Operating margin increased 160 basis points versus the prior year period driven by higher gross margin, partially offset by higher SG&A as a percentage of net sales. Gross margin expanded 290 basis points to 52.6 percent of net sales behind price increases, lower commodity costs and manufacturing cost savings. SG&A as a percentage of net sales increased 130 basis points due to negative foreign currency impacts.

Operating cash flow for the quarter was $4.6 billion, an increase of 32 percent mainly due to reductions in working capital balances. Free cash flow was $4.0 billion and over 120 percent of net earnings excluding the gain on the sale of Actonel in Japan. Capital expenditures were 2.8 percent of net sales.

Fiscal Year 2010 Guidance
For fiscal year 2010, the Company increased the range of expected organic sales growth by one percent to plus two to four percent. Net sales are expected to be up three to six percent. Foreign exchange is expected to contribute one to two percent to net sales growth. The Company updated its diluted earnings per share guidance to $4.02 to $4.12 and core EPS of $3.47 to $3.59 by increasing the low end of the previous guidance ranges by $0.03/share. Core earnings per share are expected to be in line to up three percent versus year ago.
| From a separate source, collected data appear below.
definition lsa_iso :: "('f::field, 'v) lsa \<Rightarrow> ('f, 'w) lsa \<Rightarrow> bool" where
  "lsa_iso L M \<longleftrightarrow> (\<exists>f. bij_betw f (carrier L) (carrier M) \<and>
     (\<forall>x\<in>carrier L. \<forall>y\<in>carrier L. f (vadd L x y) = vadd M (f x) (f y)) \<and>
     (\<forall>a. \<forall>x\<in>carrier L. f (smul L a x) = smul M a (f x)) \<and>
     (\<forall>x\<in>carrier L. \<forall>y\<in>carrier L. f (brk L x y) = brk M (f x) (f y)) \<and>
     f ` part0 L = part0 M \<and> f ` part1 L = part1 M)"

definition center :: "('f, 'v) lsa \<Rightarrow> 'v set" where
  "center H = {z\<in>carrier H. \<forall>x\<in>carrier H. brk H z x = vzero H}"

definition coset :: "('f, 'v) lsa \<Rightarrow> 'v set \<Rightarrow> 'v \<Rightarrow> 'v set" where
  "coset H I x = {vadd H x i | i. i \<in> I}"

definition rep :: "'v set \<Rightarrow> 'v" where
  "rep A = (SOME x. x \<in> A)"

definition quot :: "('f, 'v) lsa \<Rightarrow> 'v set \<Rightarrow> ('f, 'v set) lsa" where
  "quot H I = \<lparr> carrier = coset H I ` carrier H,
     vadd = (\<lambda>A B. coset H I (vadd H (rep A) (rep B))),
     vzero = coset H I (vzero H),
     smul = (\<lambda>a A. coset H I (smul H a (rep A))),
     brk = (\<lambda>A B. coset H I (brk H (rep A) (rep B))),
     part0 = coset H I ` part0 H,
     part1 = coset H I ` part1 H \<rparr>"

definition dsum :: "('f, 'v) lsa \<Rightarrow> ('f, 'w) lsa \<Rightarrow> ('f, 'v \<times> 'w) lsa" where
  "dsum L M = \<lparr> carrier = carrier L \<times> carrier M,
     vadd = (\<lambda>(x1, x2) (y1, y2). (vadd L x1 y1, vadd M x2 y2)),
     vzero = (vzero L, vzero M),
     smul = (\<lambda>a (x1, x2). (smul L a x1, smul M a x2)),
     brk = (\<lambda>(x1, x2) (y1, y2). (brk L x1 y1, brk M x2 y2)),
     part0 = part0 L \<times> part0 M,
     part1 = part1 L \<times> part1 M \<rparr>"

text \<open>H_m: coordinates u : nat => 'f supported on {0..2m}; index j-1 is x_j (even),
index m+j-1 is y_j (odd), index 2m is z (odd); only nonzero brackets [x_j,y_j] = z
(and [y_j,x_j] = -z by super skew-symmetry).\<close>

definition heis :: "nat \<Rightarrow> ('f::field, nat \<Rightarrow> 'f) lsa" where
  "heis m = \<lparr> carrier = {u. \<forall>i\<ge>2*m+1. u i = 0},
     vadd = (\<lambda>u v i. u i + v i),
     vzero = (\<lambda>i. 0),
     smul = (\<lambda>a u i. a * u i),
     brk = (\<lambda>u v i. if i = 2*m then (\<Sum>j<m. u j * v (m+j) - u (m+j) * v j) else 0),
     part0 = {u. \<forall>i\<ge>m. u i = 0},
     part1 = {u. (\<forall>i<m. u i = 0) \<and> (\<forall>i\<ge>2*m+1. u i = 0)} \<rparr>"

text \<open>A(r|s): abelian, coordinates supported on {0..<r+s}; first r even, next s odd.\<close>

definition abel :: "nat \<Rightarrow> nat \<Rightarrow> ('f::field, nat \<Rightarrow> 'f) lsa" where
  "abel r s = \<lparr> carrier = {u. \<forall>i\<ge>r+s. u i = 0},
     vadd = (\<lambda>u v i. u i + v i),
     vzero = (\<lambda>i. 0),
     smul = (\<lambda>a u i. a * u i),
     brk = (\<lambda>u v i. 0),
     part0 = {u. \<forall>i\<ge>r. u i = 0},
     part1 = {u. (\<forall>i<r. u i = 0) \<and> (\<forall>i\<ge>r+s. u i = 0)} \<rparr>"

definition capable_via :: "('f::field, 'v) lsa \<Rightarrow> ('f, 'h) lsa \<Rightarrow> bool" where
  "capable_via L H \<longleftrightarrow> lsa H \<and> lsa_iso L (quot H (center H))"

end

theory Submission
  imports Defs
begin
(* Let $L_1=L_1([0,1],\mu)$ with $\mu$ Lebesgue measure. The norm of $FBL[L_1]$ fails the Fatou property; that is, there is an upwards directed set $\mathcal F\subseteq FBL[L_1]_+$ having a supremum $y\in FBL[L_1]$ with $\sup\{\|x\|:x\in\mathcal F\}\ne\|y\|$.
   Context: For a real Banach space $E$ with dual $E^*$ and closed unit ball $B_E$, let $H[E]$ be the vector space of all positively homogeneous functions $f:E^*\to\mathbb R$ ($f(\lambda x^* )=\lambda f(x^* )$ for $\lambda>0$). For $f\in H[E]$ put $\|f\|_{FBL[E]}:=\sup\{\sum_{k=1}^n|f(x_k^* )| : n\in\mathbb N,\ x_1^*,\dots,x_n^*\in E^*,\ \sup_{x\in B_E}\sum_{k=1}^n|x_k^*(x)|\le 1\}$. $H_0[E]:=\{f\in H[E]:\|f\|_{FBL[E]}<\infty\}$ is a Banach lattice with this norm and pointwise order/operations. For $x\in E$ let $\delta_x(x^* )=x^*(x)$. $FBL[E]$ is the closed sublattice of $H_0[E]$ generated by $\{\delta_x:x\in E\}$. The norm of a Banach lattice $X$ has the Fatou property if whenever an upwards directed set $\mathcal F\subseteq X_+$ has a supremum $y$ in $X$, then $\sup\{\|x\|:x\in\mathcal F\}=\|y\|$. *)

theory Defs
  imports "HOL-Analysis.Analysis"
begin

text \<open>Its elements are represented by the
  integrable functions on [0,1]; a.e.-equal representatives are identified implicitly, since
  every bounded functional takes equal values on them.\<close>

definition L1 :: "(real \<Rightarrow> real) set" where
  "L1 = {g. integrable (lebesgue_on {0..1}) g}"

definition L1norm :: "(real \<Rightarrow> real) \<Rightarrow> real" where
  "L1norm g = integral\<^sup>L (lebesgue_on {0..1}) (\<lambda>t. \<bar>g t\<bar>)"

definition L1dual :: "((real \<Rightarrow> real) \<Rightarrow> real) set" where
  "L1dual = {\<phi>. (\<forall>f\<in>L1. \<forall>g\<in>L1. \<phi> (\<lambda>t. f t + g t) = \<phi> f + \<phi> g)
               \<and> (\<forall>c. \<forall>f\<in>L1. \<phi> (\<lambda>t. c * f t) = c * \<phi> f)
               \<and> (\<exists>C. \<forall>f\<in>L1. \<bar>\<phi> f\<bar> \<le> C * L1norm f)
               \<and> (\<forall>f. f \<notin> L1 \<longrightarrow> \<phi> f = 0)}"

type_synonym hfun = "((real \<Rightarrow> real) \<Rightarrow> real) \<Rightarrow> real"

definition extensional_dual :: "hfun \<Rightarrow> bool" where
  "extensional_dual f \<longleftrightarrow> (\<forall>\<phi>. \<phi> \<notin> L1dual \<longrightarrow> f \<phi> = 0)"

definition pos_homogeneous :: "hfun \<Rightarrow> bool" where
  "pos_homogeneous f \<longleftrightarrow> (\<forall>\<phi>\<in>L1dual. \<forall>r>0. f (\<lambda>x. r * \<phi> x) = r * f \<phi>)"

definition fbl_enorm :: "hfun \<Rightarrow> ereal" where
  "fbl_enorm f = (SUP p \<in> {(n, xs) | (n::nat) xs. (\<forall>k<n. xs k \<in> L1dual) \<and>
        (\<forall>g\<in>L1. L1norm g \<le> 1 \<longrightarrow> (\<Sum>k<n. \<bar>xs k g\<bar>) \<le> 1)}.
      ereal (\<Sum>k<fst p. \<bar>f (snd p k)\<bar>))"

definition H0 :: "hfun set" where
  "H0 = {f. extensional_dual f \<and> pos_homogeneous f \<and> fbl_enorm f < \<infinity>}"

definition delta :: "(real \<Rightarrow> real) \<Rightarrow> hfun" where
  "delta x = (\<lambda>\<phi>. if \<phi> \<in> L1dual then \<phi> x else 0)"

inductive_set fbl_gen :: "hfun set" where
  base: "x \<in> L1 \<Longrightarrow> delta x \<in> fbl_gen"
| add: "f \<in> fbl_gen \<Longrightarrow> g \<in> fbl_gen \<Longrightarrow> (\<lambda>\<phi>. f \<phi> + g \<phi>) \<in> fbl_gen"
| smult: "f \<in> fbl_gen \<Longrightarrow> (\<lambda>\<phi>. c * f \<phi>) \<in> fbl_gen"
| sup: "f \<in> fbl_gen \<Longrightarrow> g \<in> fbl_gen \<Longrightarrow> (\<lambda>\<phi>. max (f \<phi>) (g \<phi>)) \<in> fbl_gen"
| inf: "f \<in> fbl_gen \<Longrightarrow> g \<in> fbl_gen \<Longrightarrow> (\<lambda>\<phi>. min (f \<phi>) (g \<phi>)) \<in> fbl_gen"

definition FBL :: "hfun set" where
  "FBL = {f \<in> H0. \<forall>e>0. \<exists>g\<in>fbl_gen. fbl_enorm (\<lambda>\<phi>. f \<phi> - g \<phi>) < ereal e}"

definition fle :: "hfun \<Rightarrow> hfun \<Rightarrow> bool" where
  "fle f g \<longleftrightarrow> (\<forall>\<phi>\<in>L1dual. f \<phi> \<le> g \<phi>)"

definition is_sup_in_FBL :: "hfun set \<Rightarrow> hfun \<Rightarrow> bool" where
  "is_sup_in_FBL F y \<longleftrightarrow> y \<in> FBL \<and> (\<forall>x\<in>F. fle x y) \<and>
     (\<forall>z\<in>FBL. (\<forall>x\<in>F. fle x z) \<longrightarrow> fle y z)"

end

theory Submission
  imports Defs
begin

text \<open>The approximants \<open>f\<^sub>N = |\<delta>\<^sub>1| \<and> \<onehalf> max\<^sub>n\<^sub>\<le>\<^sub>N |\<delta>\<^bsub>r\<^sub>n\<^esub>|\<close>, with \<open>r\<^sub>n\<close> the Rademacher functions,
  increase and have FBL-norm at most \<open>\<onehalf>\<close>: every \<open>r\<^sub>n\<close> with \<open>n < L\<close> is a \<open>\<plusminus>1\<close>-combination of the
  \<open>2\<^sup>L\<close> dyadic indicators of level \<open>L\<close>, and a normalised family of functionals spends at most
  \<open>2\<^sup>-\<^sup>L\<close> on each of them. Nevertheless \<open>|\<delta>\<^sub>1|\<close>, of norm \<open>1\<close>, is their least upper bound in
  \<open>FBL[L\<^sub>1]\<close>. Elements of \<open>FBL\<close> are uniform limits of lattice expressions in finitely many
  \<open>\<delta>\<^sub>x\<close>, hence continuous along norm-bounded weak*-convergent sequences of functionals. By the
  Riemann--Lebesgue property of the Rademacher system, \<open>\<psi>\<^sub>m = \<phi> + t \<integral>(\<cdot>) r\<^sub>m\<close> converges weak* to
  \<open>\<phi>\<close>, while \<open>\<psi>\<^sub>m(r\<^sub>m) \<ge> t - \<parallel>\<phi>\<parallel>\<close>; for large \<open>t\<close> this gives \<open>f\<^sub>m(\<psi>\<^sub>m) \<ge> min |\<psi>\<^sub>m(1)| |\<phi>(1)|\<close>,
  and an upper bound \<open>z\<close> of all \<open>f\<^sub>N\<close> therefore satisfies \<open>z(\<phi>) \<ge> |\<phi>(1)|\<close>.\<close>

section \<open>Dyadic intervals and Rademacher functions\<close>

abbreviation leb01 :: "real measure" where
  "leb01 \<equiv> lebesgue_on {0..1}"

text \<open>The \<open>min\<close> puts \<open>t = 1\<close> into the last dyadic interval \<open>[1 - 2\<^sup>-\<^sup>L, 1]\<close>.\<close>

definition dyadic_index :: "nat \<Rightarrow> real \<Rightarrow> nat" where
  "dyadic_index L t = min (nat \<lfloor>2^L * t\<rfloor>) (2^L - 1)"

definition dyadic_indicator :: "nat \<Rightarrow> nat \<Rightarrow> real \<Rightarrow> real" where
  "dyadic_indicator L j = indicator {t. dyadic_index L t = j}"

definition rademacher :: "nat \<Rightarrow> real \<Rightarrow> real" where
  "rademacher m t = (if even (dyadic_index (Suc m) t) then 1 else -1)"

lemma measurable_dyadic_index [measurable]: "dyadic_index L \<in> borel \<rightarrow>\<^sub>M count_space UNIV"
  unfolding dyadic_index_def by measurable

lemma borel_measurable_dyadic_indicator [measurable]: "dyadic_indicator L j \<in> borel_measurable borel"
  unfolding dyadic_indicator_def by measurable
October - December 2009 Quarter Guidance
For the October - December quarter, the Company expects organic sales growth of two to five percent. Net sales are expected to increase three to seven percent versus the prior year. Foreign exchange is expected to add one to two percent to net sales growth. Diluted earnings per share are expected to be $1.36 to $1.44 including an estimated $0.43 gain on the sale of the global pharmaceuticals business. The final gain amount will be provided in January with the December quarter results. Core earnings per share are expected to be $0.91 to $1.00, an increase of one to 11 percent versus prior year which included very high commodity costs.

Global Pharmaceuticals Business Divestiture
The Company commented that it is on track to complete the sale of its global pharmaceuticals business to Warner Chilcott by the end of October 2009, as previously communicated. The estimated financial impacts of the transaction are unchanged versus prior guidance.